Exercise
Each line from the start of the listing below through the line containing "(fst X) (fst" should be reproduced exactly, with no others.

The input

lemma minors_vanish_if_jacobian_poly_eq_0:
  assumes "jacobian_poly K L = 0"
  shows "minors_vanish (fst K) (fst L) \<and> minors_vanish (snd K) (snd L)"
proof -
  obtain a1 a2 b1 b2 b3 where K: "K = ((a1, a2), (b1, b2, b3))" by (metis prod.exhaust)
  obtain c1 c2 d1 d2 d3 where L: "L = ((c1, c2), (d1, d2, d3))" by (metis prod.exhaust)
  show ?thesis
    using assms by (auto simp: K L minors_vanish_def Basis_prod_def algebra_simps)
qed

lemma jacobian_poly_neq_0_for_some_pair:
  assumes "F.independent {lin_quad K, lin_quad L, lin_quad M}"
    and "distinct [lin_quad K, lin_quad L, lin_quad M]"
  shows "jacobian_poly K L \<noteq> 0 \<or> jacobian_poly K M \<noteq> 0 \<or> jacobian_poly L M \<noteq> 0"
proof (rule ccontr)
  assume contra: "\<not> ?thesis"
  have vanish: "minors_vanish (fst X) (fst Y) \<and> minors_vanish (snd X) (snd Y)"
    if "X \<in> {K, L, M}" "Y \<in> {K, L, M}" for X Y
  proof (cases "X = Y")
    case True
    then show ?thesis by (simp add: minors_vanish_refl)
  next
    case False
    with that contra have "jacobian_poly X Y = 0 \<or> jacobian_poly Y X = 0"
      by auto
    then show ?thesis
      using minors_vanish_if_jacobian_poly_eq_0[of X Y] minors_vanish_if_jacobian_poly_eq_0[of Y X]
        minors_vanish_sym[of "fst Y" "fst X"] minors_vanish_sym[of "snd Y" "snd X"] by blast
  qed
  have "\<exists>p. fst ` {K, L, M} \<subseteq> span {p}"
    by (rule subset_span_singleton_if_minors_vanish) (use vanish in blast)
  then obtain p where p: "fst ` {K, L, M} \<subseteq> span {p}" ..
  have "\<exists>q. snd ` {K, L, M} \<subseteq> span {q}"
    by (rule subset_span_singleton_if_minors_vanish) (use vanish in blast)
  then obtain q where q: "snd ` {K, L, M} \<subseteq> span {q}" ..
  have "X \<in> span {(p, 0), (0, q)}" if "X \<in> {K, L, M}" for X
  proof -
    have "fst X \<in> span {p}" "snd X \<in> span {q}"
      using p q that by blast+
    then obtain s t where "fst X = s *\<^sub>R p" "snd X = t *\<^sub>R q"
      by (auto simp: span_singleton)
    then have "X = s *\<^sub>R (p, 0) + t *\<^sub>R (0, q)"
      by (simp add: prod_eq_iff)
    then show ?thesis
      by (metis span_add span_base span_scale insertI1 insertI2)
  qed
  then have "{K, L, M} \<subseteq> span {(p, 0), (0, q)}"
    by blast
  then have "lin_quad ` {K, L, M} \<subseteq> F.span (lin_quad ` {(p, 0), (0, q)})"
    by (rule L.spans_image)
  then have "card (lin_quad ` {K, L, M}) \<le> card (lin_quad ` {(p, 0), (0, q)})"
    using F.independent_span_bound[of "lin_quad ` {(p, 0), (0, q)}" "lin_quad ` {K, L, M}"] assms(1)
    by simp
  also have "\<dots> \<le> 2"
    by (rule order_trans[OF card_image_le]) (auto simp: card_insert_if)
  finally show False
    using assms(2) by simp
qed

The answer
lemma minors_vanish_if_jacobian_poly_eq_0:
  assumes "jacobian_poly K L = 0"
  shows "minors_vanish (fst K) (fst L) \<and> minors_vanish (snd K) (snd L)"
proof -
  obtain a1 a2 b1 b2 b3 where K: "K = ((a1, a2), (b1, b2, b3))" by (metis prod.exhaust)
  obtain c1 c2 d1 d2 d3 where L: "L = ((c1, c2), (d1, d2, d3))" by (metis prod.exhaust)
  show ?thesis
    using assms by (auto simp: K L minors_vanish_def Basis_prod_def algebra_simps)
qed

lemma jacobian_poly_neq_0_for_some_pair:
  assumes "F.independent {lin_quad K, lin_quad L, lin_quad M}"
    and "distinct [lin_quad K, lin_quad L, lin_quad M]"
  shows "jacobian_poly K L \<noteq> 0 \<or> jacobian_poly K M \<noteq> 0 \<or> jacobian_poly L M \<noteq> 0"
proof (rule ccontr)
  assume contra: "\<not> ?thesis"
  have vanish: "minors_vanish (fst X) (fst Y) \<and> minors_vanish (snd X) (snd Y)"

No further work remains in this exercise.